▶ **Exercise requirements**
Set down, exactly, every line from the top of the listing through the one holding "(simp add: power_divide)".

▶ **Data for this task**
text \<open>Since kept (i+1) is about keep^(i+1) n while the failure probability of a bad arm in
  round i is at most \<delta>'^(i+1), the expected number of lucky bad arms is a small fraction
  of the slots.\<close>

lemma expected_lucky_bad_le:
  assumes "\<delta>' \<le> keep / 8" "2 \<le> kept (Suc i)"
  shows "real n * \<delta>' ^ Suc i \<le> real (kept (Suc i)) / 4"
proof -
  have "\<delta>' ^ Suc i \<le> (keep / 8) ^ Suc i" using assms \<delta>' by (intro power_mono) auto
  also have "\<dots> = keep ^ Suc i / 8 ^ Suc i" by (simp add: power_divide)
  also have "\<dots> \<le> keep ^ Suc i / 8"
    using one_le_power[of "8::real" i] keep by (intro divide_left_mono) auto
  finally have "real n * \<delta>' ^ Suc i \<le> real n * (keep ^ Suc i / 8)"
    by (intro mult_left_mono) auto
  also have "\<dots> = keep ^ Suc i * real n / 8" by simp
  also have "\<dots> \<le> (real (kept (Suc i)) + 2) / 8"
    using power_le_round_size_add_2[OF keep, of "Suc i" n] unfolding kept_def by simp
  also have "\<dots> \<le> real (kept (Suc i)) / 4" using assms by simp
  finally show ?thesis .
qed

lemma prob_lucky_bad_ge_half_kept:
  assumes "\<delta>' \<le> keep / 8" "i < rounds" "2 \<le> kept rounds"
  shows "T.prob {X \<in> space (sample_table n D). kept (Suc i) \<le> 2 * lucky_bad i X}
          \<le> exp (- (real (kept rounds))\<^sup>2 / (8 * real n))"
proof (cases "bad = {}")
  case True
  then have "{X \<in> space (sample_table n D). kept (Suc i) \<le> 2 * lucky_bad i X} = {}"
    using kept_antimono[of "Suc i" rounds] assms by (auto simp: lucky_bad_def)
  then show ?thesis by (metis measure_empty exp_ge_zero)
next
  case False
  define K where "K = real (kept (Suc i))"
  have K: "real (kept rounds) \<le> K" "2 \<le> K"
    using kept_antimono[of "Suc i" rounds] assms unfolding K_def by auto
  define s where "s = K / 2 - real (card bad) * \<delta>' ^ Suc i"
  have "real (card bad) * \<delta>' ^ Suc i \<le> real n * \<delta>' ^ Suc i"
    using card_bad_le \<delta>' by (simp add: mult_right_mono)
  then have s: "K / 4 \<le> s"
    using expected_lucky_bad_le[OF assms(1)] K unfolding s_def K_def by fastforce
  have "{X \<in> space (sample_table n D). kept (Suc i) \<le> 2 * lucky_bad i X}
      = {X \<in> space (sample_table n D). real (card bad) * \<delta>' ^ Suc i + s \<le> real (lucky_bad i X)}"
    unfolding s_def K_def by (auto simp flip: of_nat_mult)
  then have "T.prob {X \<in> space (sample_table n D). kept (Suc i) \<le> 2 * lucky_bad i X}
      \<le> exp (- 2 * s\<^sup>2 / real (card bad))"
    using prob_lucky_bad_ge_hoeffding[OF False] s K by simp
  also have "\<dots> \<le> exp (- (real (kept rounds))\<^sup>2 / (8 * real n))"
  proof -
    have "0 < card bad" using False finite_bad by (simp add: card_gt_0_iff)
    have "(real (kept rounds))\<^sup>2 / (8 * real n) \<le> (K / 4)\<^sup>2 * 2 / real n"
      using K n by (simp add: power2_eq_square field_simps mult_mono)
    also have "\<dots> \<le> s\<^sup>2 * 2 / real n"
      using s K by (simp add: power_mono divide_right_mono)
    also have "\<dots> \<le> 2 * s\<^sup>2 / real (card bad)"
      using \<open>0 < card bad\<close> card_bad_le by (simp add: frac_le)
    finally show ?thesis by simp
  qed
  finally show ?thesis .
qed

lemma prob_rand_set_misses_good:
  "measure (pmf_of_set (rand_sets n)) (if real (kept rounds) < 2 * real (card good) then {R. R \<inter> good = {}} else {})
    \<le> exp (- real (rand_set_size n) * real (kept rounds) / (2 * real n))"
proof (cases "real (kept rounds) < 2 * real (card good)")
  case True
  have "measure (pmf_of_set (rand_sets n)) {R. R \<inter> good = {}}
      \<le> exp (- real (rand_set_size n) * real (card good) / real n)"
    by (rule prob_rand_set_disjoint) (auto simp: good_def)
  also have "\<dots> \<le> exp (- real (rand_set_size n) * real (kept rounds) / (2 * real n))"
    using True n by (simp add: field_simps mult_left_mono)
  finally show ?thesis using True by simp
qed simp

lemma aba_learns_multi_round:
  assumes "\<delta>' \<le> keep / 8" "2 \<le> kept rounds"
    and bound: "2 * \<delta>' + real rounds * exp (- (real (kept rounds))\<^sup>2 / (8 * real n))
      + exp (- real (rand_set_size n) * real (kept rounds) / (2 * real n)) + 2 * real n ^ 2 * \<delta>'' \<le> \<delta>"
  shows "aba_learns n \<alpha> \<delta>' \<delta>'' \<phi> \<epsilon> \<delta> D"
proof -
  obtain a where a: "a < n" "\<mu> a = \<mu>_star" using best_arm_exists by blast
  define unlucky where "unlucky = (\<Union>i<rounds. {X \<in> space (sample_table n D). est i X a < \<theta>})"
  define lucky where "lucky = (\<Union>i<rounds. {X \<in> space (sample_table n D). kept (Suc i) \<le> 2 * lucky_bad i X})"
  define misses where
    "misses = (if real (kept rounds) < 2 * real (card good) then {R. R \<inter> good = {}} else {})"
  have unlucky_event: "unlucky \<in> T.events" unfolding unlucky_def using borel_measurable_est by measurable
  have lucky_event: "lucky \<in> T.events" unfolding lucky_def using sets_lucky_bad_ge by auto
  show ?thesis
  proof (rule aba_learnsI[OF bandit, where BR = misses])
    show "final_failure \<union> unlucky \<union> lucky \<in> T.events"
      using unlucky_event lucky_event prob_final_failure(1) by auto
    fix R X assume R: "R \<in> rand_sets n" "R \<notin> misses"
      and X: "X \<in> space (sample_table n D)" "X \<notin> final_failure \<union> unlucky \<union> lucky"
    have "\<exists>g \<in> good. g \<in> survivors X rounds \<union> R"
    proof (cases "real (kept rounds) < 2 * real (card good)")
      case False
      then have "a \<in> survivors X rounds"
        using X by (intro best_arm_survives a) (auto simp: unlucky_def lucky_def not_le not_less)
      then show ?thesis using best_arm_good a by blast
    qed (use R in \<open>auto simp: misses_def\<close>)
    then show "best_mean n D - \<epsilon> \<le> arm_mean D (aba_output n \<alpha> \<delta>' \<delta>'' \<phi> \<epsilon> R X)"
      using output_eps_best R X unfolding final_set_eq by blast
  next
    have "T.prob lucky \<le> (\<Sum>i<rounds. T.prob {X \<in> space (sample_table n D). kept (Suc i) \<le> 2 * lucky_bad i X})"
      unfolding lucky_def using sets_lucky_bad_ge by (intro T.finite_measure_subadditive_finite) auto
    also have "\<dots> \<le> (\<Sum>i<rounds. exp (- (real (kept rounds))\<^sup>2 / (8 * real n)))"
      using prob_lucky_bad_ge_half_kept[OF assms(1) _ assms(2)] by (intro sum_mono) simp
    also have "\<dots> = real rounds * exp (- (real (kept rounds))\<^sup>2 / (8 * real n))" by simp
    finally show "measure (pmf_of_set (rand_sets n)) misses + T.prob (final_failure \<union> unlucky \<union> lucky) \<le> \<delta>"
      using T.measure_Un3_le[OF prob_final_failure(1) unlucky_event lucky_event] prob_final_failure(2)
        prob_best_below_threshold[OF a] prob_rand_set_misses_good bound
      unfolding unlucky_def misses_def by linarith
  qed
qed

lemma elimination_samples_le:
  "real (\<Sum>i<rounds. card (survivors X i) * round_samples \<alpha> \<delta>' \<epsilon> i)
    \<le> real n * (\<Sum>i<rounds. real (Suc i) * keep ^ i) * (2 / (\<alpha> * \<epsilon>)\<^sup>2 * ln (1 / \<delta>') + 1)"
proof -
  define c where "c = 2 / (\<alpha> * \<epsilon>)\<^sup>2 * ln (1 / \<delta>')"
  have "0 \<le> c" unfolding c_def using \<delta>' \<delta>'_lt_1 by simp
  then have c: "0 \<le> c" "real (nat \<lceil>c\<rceil>) \<le> c + 1" by linarith+
  have "real (\<Sum>i<rounds. card (survivors X i) * round_samples \<alpha> \<delta>' \<epsilon> i)
      = (\<Sum>i<rounds. real (kept i) * (real (Suc i) * real (nat \<lceil>c\<rceil>)))"
    unfolding card_survivors round_samples_def c_def by (simp add: algebra_simps)
  also have "\<dots> \<le> (\<Sum>i<rounds. (keep ^ i * real n) * (real (Suc i) * (c + 1)))"
    using round_size_le_power[OF keep(1)] c keep unfolding kept_def
    by (intro sum_mono mult_mono mult_left_mono) auto
  also have "\<dots> = real n * (\<Sum>i<rounds. real (Suc i) * keep ^ i) * (c + 1)"
    by (simp add: sum_distrib_left sum_distrib_right algebra_simps)
  finally show ?thesis unfolding c_def .
qed

lemma final_stage_samples_le:
  fixes X :: "nat \<times> nat \<Rightarrow> real"
  assumes "R \<in> rand_sets n"
  defines "U \<equiv> final_set n \<alpha> \<delta>' \<phi> \<epsilon> R X"
  shows "real (card U * final_samples \<alpha> \<delta>'' \<epsilon> (card U))
    \<le> (real n powr (3/4) / 2 + real n powr (7/8) / 2) * (2 / ((1 - \<alpha>) * \<epsilon>)\<^sup>2 * ln (real n / \<delta>'') + 1)"
proof (cases "card U = 0")
  case False
  define c where "c = 2 / ((1 - \<alpha>) * \<epsilon>)\<^sup>2"
  have "0 < c" unfolding c_def using \<alpha> \<epsilon> by simp
  have U: "U \<subseteq> {..<n}"
    unfolding U_def final_set_eq using survivors_subset assms(1) by (auto simp: rand_sets_def)
  have "card U \<le> card (survivors X rounds) + card R"
    unfolding U_def final_set_eq by (rule card_Un_le)
  then have card_U: "real (card U) \<le> real n powr (3/4) / 2 + real n powr (7/8) / 2"
    using kept_rounds_le rand_set_size_le_powr[of n] assms(1)
    unfolding card_survivors rand_sets_def by simp
  have "0 \<le> ln (real (card U) / \<delta>'')" "ln (real (card U) / \<delta>'') \<le> ln (real n / \<delta>'')"
    using False card_mono[OF _ U] \<delta>'' by (simp_all add: divide_right_mono)
  then have "0 \<le> c * ln (real (card U) / \<delta>'')" "c * ln (real (card U) / \<delta>'') \<le> c * ln (real n / \<delta>'')"
    using \<open>0 < c\<close> by (simp_all add: mult_left_mono)
  then have "real (final_samples \<alpha> \<delta>'' \<epsilon> (card U)) \<le> c * ln (real n / \<delta>'') + 1"
    unfolding final_samples_def c_def[symmetric] by linarith
  from mult_mono'[OF card_U this]
  have "real (card U) * real (final_samples \<alpha> \<delta>'' \<epsilon> (card U))
      \<le> (real n powr (3/4) / 2 + real n powr (7/8) / 2) * (c * ln (real n / \<delta>'') + 1)"
    by simp
  then show ?thesis unfolding c_def by simp
next
  case True
  have "0 \<le> 2 / ((1 - \<alpha>) * \<epsilon>)\<^sup>2 * ln (real n / \<delta>'') + 1"
    using n \<delta>'' by simp
  then show ?thesis using True by simp
qed

lemma aba_samples_le:
  assumes "R \<in> rand_sets n"
  shows "real (aba_samples n \<alpha> \<delta>' \<delta>'' \<phi> \<epsilon> R X)
    \<le> real n * (\<Sum>i<rounds. real (Suc i) * keep ^ i) * (2 / (\<alpha> * \<epsilon>)\<^sup>2 * ln (1 / \<delta>') + 1)
      + (real n powr (3/4) / 2 + real n powr (7/8) / 2) * (2 / ((1 - \<alpha>) * \<epsilon>)\<^sup>2 * ln (real n / \<delta>'') + 1)"
  using elimination_samples_le[of X] final_stage_samples_le[OF assms, of X]
  unfolding aba_samples_def survivors_def rounds_def keep_def Let_def by simp

end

▶ **Solution for this task**
text \<open>Since kept (i+1) is about keep^(i+1) n while the failure probability of a bad arm in
  round i is at most \<delta>'^(i+1), the expected number of lucky bad arms is a small fraction
  of the slots.\<close>

lemma expected_lucky_bad_le:
  assumes "\<delta>' \<le> keep / 8" "2 \<le> kept (Suc i)"
  shows "real n * \<delta>' ^ Suc i \<le> real (kept (Suc i)) / 4"
proof -
  have "\<delta>' ^ Suc i \<le> (keep / 8) ^ Suc i" using assms \<delta>' by (intro power_mono) auto
  also have "\<dots> = keep ^ Suc i / 8 ^ Suc i" by (simp add: power_divide)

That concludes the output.